- Task goal
Find every line in the entries that holds the string "else" and report it.

- Dataset
(* Consider the principal–agent model described in the context, and let $(a^{\mathcal J},u^{\mathcal J})$ be any solution to $\max_{(a,u)\in\mathcal{J}}\{\mathbb{E}[X(a)\mid a]-c(a)-u\}$. There exists a quota-bonus contract (a contract of the form $s(x)=b\,\mathbf{1}_{\{x\ge q\}}$ with $q,b\in[0,\infty)$) that optimally solves the original problem (OP) if one of the following holds: (C1) $1-F(L(a^{\mathcal J})\mid a)\le \dfrac{c(a)+u^{\mathcal J}}{c(a^{\mathcal J})+u^{\mathcal J}}$ for all $a\in[0,a^{\mathcal J})$; or (C2) there exists $q>L(a^{\mathcal J})$ satisfying $\dfrac{-F_a(q\mid a^{\mathcal J})}{1-F(q\mid a^{\mathcal J})}=\dfrac{c'(a^{\mathcal J})}{c(a^{\mathcal J})+u^{\mathcal J}}$ such that $\dfrac{1-F(q\mid a)}{1-F(q\mid a^{\mathcal J})}\le\dfrac{c(a)+u^{\mathcal J}}{c(a^{\mathcal J})+u^{\mathcal J}}$ for all $a\ge0$.
   Context: Model. An agent chooses effort $a\ge 0$. The outcome $X(a)$ is a continuous random variable with support $[L(a),\bar x]$, where $\bar x>0$ is fixed (possibly $+\infty$) and $L:[0,\infty)\to[0,\bar x)$ is nondecreasing on $[0,\infty)$ and continuously differentiable on $(0,\infty)$. Effort costs $c(a)$, where $c:[0,\infty)\to[0,\infty)$ is twice differentiable with $c'(a)>0$, $c''(a)\ge 0$. $X(a)$ has density $f(x\mid a)$ and cdf $F(x\mid a)$; for each fixed $x\in(L(a),\bar x]$, $f(x\mid a)$ and $F(x\mid a)$ are differentiable in $a>0$ with derivatives $f_a,F_a$, both continuous on $(L(a),\bar x]\times(0,\infty)$, and $F_a<0$ there. A contract is $s:\mathbb{R}_{\ge0}\to\mathbb{R}_{\ge0}$ (LL: $s\ge0$). $E^P(a,s)=\int_{L(a)}^{\bar x}[x-s(x)]f(x\mid a)\,dx$, $E^A(a,s)=\int_{L(a)}^{\bar x}s(x)f(x\mid a)\,dx-c(a)$, reservation utility $u_0\ge0$. The original problem (OP): maximize $E^P(a_s,s)$ over $(a_s,s)$ subject to (IC) $a_s\in\arg\max_{a\ge0}E^A(a,s)$, (IR) $E^A(a_s,s)\ge u_0$, (LL). Indifferent agents choose the effort most favorable to the principal. Standing assumption: (i) $\mathbb{E}[X(a)\mid a]<\infty$ for all $a\ge0$ and is continuous in $a$ on $[0,\infty)$; (ii) $\lim_{a\to\infty}\{\mathbb{E}[X(a)\mid a]-c(a)\}=-\infty$; (iii) $a\mapsto\sup_{x\in(L(a),\bar x]}f_a(x\mid a)/f(x\mid a)$ is continuous on $(0,\infty)$; (iv) for any contract $s$ with $\mathbb{E}[s(X(a))\mid a]<\infty$, the limit $h\uparrow0$ of $\int_{L(a)}^{\bar x}\frac{f(x\mid a+h)-f(x\mid a)}{h}s(x)\,dx$ may be taken inside the integral. $\mathcal{J}=\{(a,u)\mid a>0,\ u\ge u_0,\ \sup_{x\in(L(a),\bar x]} f_a(x\mid a)/f(x\mid a)\ge c'(a)/(c(a)+u)\}\cup\{(0,u)\mid u\ge u_0\}$. *)

theory Defs
  imports "HOL-Analysis.Analysis"
begin

text \<open>Outcome density f x a, cdf F x a, lower support end L a,
  upper support end xbar (an extended real, possibly infinity), effort cost c with
  derivatives c' and c''.\<close>

definition supp :: "(real \<Rightarrow> real) \<Rightarrow> ereal \<Rightarrow> real \<Rightarrow> real set" where
  "supp L xbar a = {x. L a \<le> x \<and> ereal x \<le> xbar}"

definition osupp :: "(real \<Rightarrow> real) \<Rightarrow> ereal \<Rightarrow> real \<Rightarrow> real set" where
  "osupp L xbar a = {x. L a < x \<and> ereal x \<le> xbar}"

definition EXP :: "(real \<Rightarrow> real \<Rightarrow> real) \<Rightarrow> (real \<Rightarrow> real) \<Rightarrow> ereal \<Rightarrow> real \<Rightarrow> real" where
  "EXP f L xbar a = (LINT x:supp L xbar a|lborel. x * f x a)"

definition EP :: "(real \<Rightarrow> real \<Rightarrow> real) \<Rightarrow> (real \<Rightarrow> real) \<Rightarrow> ereal \<Rightarrow> real \<Rightarrow> (real \<Rightarrow> real) \<Rightarrow> real" where
  "EP f L xbar a s = (LINT x:supp L xbar a|lborel. (x - s x) * f x a)"

definition EA :: "(real \<Rightarrow> real \<Rightarrow> real) \<Rightarrow> (real \<Rightarrow> real) \<Rightarrow> ereal \<Rightarrow> (real \<Rightarrow> real)
    \<Rightarrow> real \<Rightarrow> (real \<Rightarrow> real) \<Rightarrow> real" where
  "EA f L xbar c a s = (LINT x:supp L xbar a|lborel. s x * f x a) - c a"

definition contract :: "(real \<Rightarrow> real \<Rightarrow> real) \<Rightarrow> (real \<Rightarrow> real) \<Rightarrow> ereal \<Rightarrow> (real \<Rightarrow> real) \<Rightarrow> bool" where
  "contract f L xbar s \<longleftrightarrow> s \<in> borel_measurable lborel \<and> (\<forall>x\<ge>0. s x \<ge> 0) \<and>
     (\<forall>a\<ge>0. set_integrable lborel (supp L xbar a) (\<lambda>x. s x * f x a))"

definition OP_feasible where
  "OP_feasible f L xbar c u0 a s \<longleftrightarrow> contract f L xbar s \<and> a \<ge> 0 \<and>
     (\<forall>a'\<ge>0. EA f L xbar c a' s \<le> EA f L xbar c a s) \<and> EA f L xbar c a s \<ge> u0"

definition OP_optimal where
  "OP_optimal f L xbar c u0 a s \<longleftrightarrow> OP_feasible f L xbar c u0 a s \<and>
     (\<forall>a' s'. OP_feasible f L xbar c u0 a' s' \<longrightarrow> EP f L xbar a' s' \<le> EP f L xbar a s)"

definition quota_bonus :: "real \<Rightarrow> real \<Rightarrow> real \<Rightarrow> real" where
  "quota_bonus q b = (\<lambda>x. if x \<ge> q then b else 0)"

definition Jset where
  "Jset f fa L xbar c c' u0 =
     {(a, u). a > 0 \<and> u \<ge> u0 \<and>
        (SUP x\<in>osupp L xbar a. ereal (fa x a / f x a)) \<ge> ereal (c' a / (c a + u))}
     \<union> {(0, u) | u. u \<ge> u0}"

definition J_solution where
  "J_solution f fa L xbar c c' u0 aJ uJ \<longleftrightarrow> (aJ, uJ) \<in> Jset f fa L xbar c c' u0 \<and>
     (\<forall>(a, u) \<in> Jset f fa L xbar c c' u0.
        EXP f L xbar a - c a - u \<le> EXP f L xbar aJ - c aJ - uJ)"
(* Suppose $\xi$ is an $\mathcal{S}$-shrinking point of the map $f$, where $\mathcal{S}=\mathcal{F}[\ell,m,n]$, and let $\{y_i\}$ be the $\mathcal{S}^{\overline0}$-cycle. Then (i) $\{y_i\}$ is both an $\mathcal{S}$-cycle and an $\mathcal{S}^{(-d)}$-cycle; (ii) $I-M_{\mathcal{S}}$ is singular; (iii) $P_{\mathcal{S}^{(i)}}$ is singular for all $i$.
   Context: Fix $N\ge2$. For $\mu\in\mathbb{R}$ and a parameter $\xi$, let $f:\mathbb{R}^N\to\mathbb{R}^N$, $f(x)=A_Lx+B\mu$ if $e_1^{\mathsf T}x\le0$, $f(x)=A_Rx+B\mu$ if $e_1^{\mathsf T}x\ge0$, with $A_L,A_R$ real $N\times N$ matrices, $B\in\mathbb{R}^N$ (depending on $\xi$), and $A_R=A_L+Ce_1^{\mathsf T}$ for some $C\in\mathbb{R}^N$. $f^L(x)=A_Lx+B\mu$, $f^R(x)=A_Rx+B\mu$, $\varrho^{\mathsf T}=e_1^{\mathsf T}\mathrm{adj}(I-A_L)$. A periodic sequence $\mathcal{S}:\mathbb{Z}\to\{L,R\}$ of period $n$ is identified with $\mathcal{S}_0\cdots\mathcal{S}_{n-1}$; indices mod $n$; $\mathcal{S}^{(j)}_i=\mathcal{S}_{i+j}$; $\mathcal{S}^{\overline j}$ differs from $\mathcal{S}$ exactly at indices $\equiv j$. $M_{\mathcal{S}}=A_{\mathcal{S}_{n-1}}\cdots A_{\mathcal{S}_0}$, $P_{\mathcal{S}}=I+A_{\mathcal{S}_{n-1}}+A_{\mathcal{S}_{n-1}}A_{\mathcal{S}_{n-2}}+\cdots+A_{\mathcal{S}_{n-1}}\cdots A_{\mathcal{S}_1}$. An $\mathcal{S}$-cycle is $(x_0,\dots,x_{n-1})$ with $x_{(i+1)\bmod n}=f^{\mathcal{S}_i}(x_i)$ for all $i$ (indices of the cycle mod $n$); it is admissible if $e_1^{\mathsf T}x_i\le0$ whenever $\mathcal{S}_i=L$ and $\ge0$ whenever $\mathcal{S}_i=R$. For positive integers $\ell<n$, $m<n$, $\gcd(m,n)=1$: $\mathcal{F}[\ell,m,n]_i=L$ if $im\bmod n<\ell$, $R$ otherwise; $d$ is the inverse of $m$ mod $n$. Definition: with $\mu\ne0$, $\varrho^{\mathsf T}B\ne0$, $\mathcal{S}=\mathcal{F}[\ell,m,n]$, $2\le\ell\le n-2$, $\xi$ is an $\mathcal{S}$-shrinking point if $\det(I-M_{\mathcal{S}^{\overline0}})\ne0$, $\det(I-M_{\mathcal{S}^{\overline{\ell d}}})\ne0$, the (unique) $\mathcal{S}^{\overline0}$-cycle is admissible, and its first coordinates $e_1^{\mathsf T}x_i$ vanish exactly for $i\equiv0$ and $i\equiv\ell d\pmod n$. *)

theory Defs
  imports "Jordan_Normal_Form.Determinant"
begin

text \<open>Piecewise-linear continuous map on R^N (vectors of dimension N, coordinate 0 is e_1).\<close>

datatype side = L | R

fun swap_side :: "side \<Rightarrow> side" where
  "swap_side L = R" | "swap_side R = L"

definition e1 :: "nat \<Rightarrow> real vec" where
  "e1 N = unit_vec N 0"

definition outer :: "real vec \<Rightarrow> real vec \<Rightarrow> real mat" where
  "outer u v = mat (dim_vec u) (dim_vec v) (\<lambda>(i,j). u $ i * v $ j)"

definition Amat :: "real mat \<Rightarrow> real vec \<Rightarrow> nat \<Rightarrow> side \<Rightarrow> real mat" where
  "Amat AL C N s = (if s = L then AL else AL + outer C (e1 N))"

definition fpiece :: "real mat \<Rightarrow> real vec \<Rightarrow> real vec \<Rightarrow> real \<Rightarrow> nat \<Rightarrow> side \<Rightarrow> real vec \<Rightarrow> real vec" where
  "fpiece AL C B \<mu> N s x = Amat AL C N s *\<^sub>v x + \<mu> \<cdot>\<^sub>v B"

definition rhoT :: "real mat \<Rightarrow> nat \<Rightarrow> real vec" where
  "rhoT AL N = row (adj_mat (1\<^sub>m N - AL)) 0"

text \<open>Symbol sequences Z -> {L,R}; shift S^(j) and flip S^{bar j} (period n).\<close>
type_synonym symseq = "int \<Rightarrow> side"

definition shiftS :: "symseq \<Rightarrow> int \<Rightarrow> symseq" where
  "shiftS S j = (\<lambda>i. S (i + j))"

definition flipS :: "symseq \<Rightarrow> nat \<Rightarrow> int \<Rightarrow> symseq" where
  "flipS S n j = (\<lambda>i. if i mod int n = j mod int n then swap_side (S i) else S i)"

definition Fseq :: "nat \<Rightarrow> nat \<Rightarrow> nat \<Rightarrow> symseq" where
  "Fseq l m n = (\<lambda>i. if (i * int m) mod int n < int l then L else R)"

definition inv_mod :: "nat \<Rightarrow> nat \<Rightarrow> nat" where
  "inv_mod m n = (SOME d. d < n \<and> (d * m) mod n = 1)"

fun Mprod :: "real mat \<Rightarrow> real vec \<Rightarrow> nat \<Rightarrow> symseq \<Rightarrow> nat \<Rightarrow> real mat" where
  "Mprod AL C N S 0 = 1\<^sub>m N"
| "Mprod AL C N S (Suc k) = Amat AL C N (S (int k)) * Mprod AL C N S k"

- Answer below
  "quota_bonus q b = (\<lambda>x. if x \<ge> q then b else 0)"
  "Amat AL C N s = (if s = L then AL else AL + outer C (e1 N))"
  "flipS S n j = (\<lambda>i. if i mod int n = j mod int n then swap_side (S i) else S i)"
  "Fseq l m n = (\<lambda>i. if (i * int m) mod int n < int l then L else R)"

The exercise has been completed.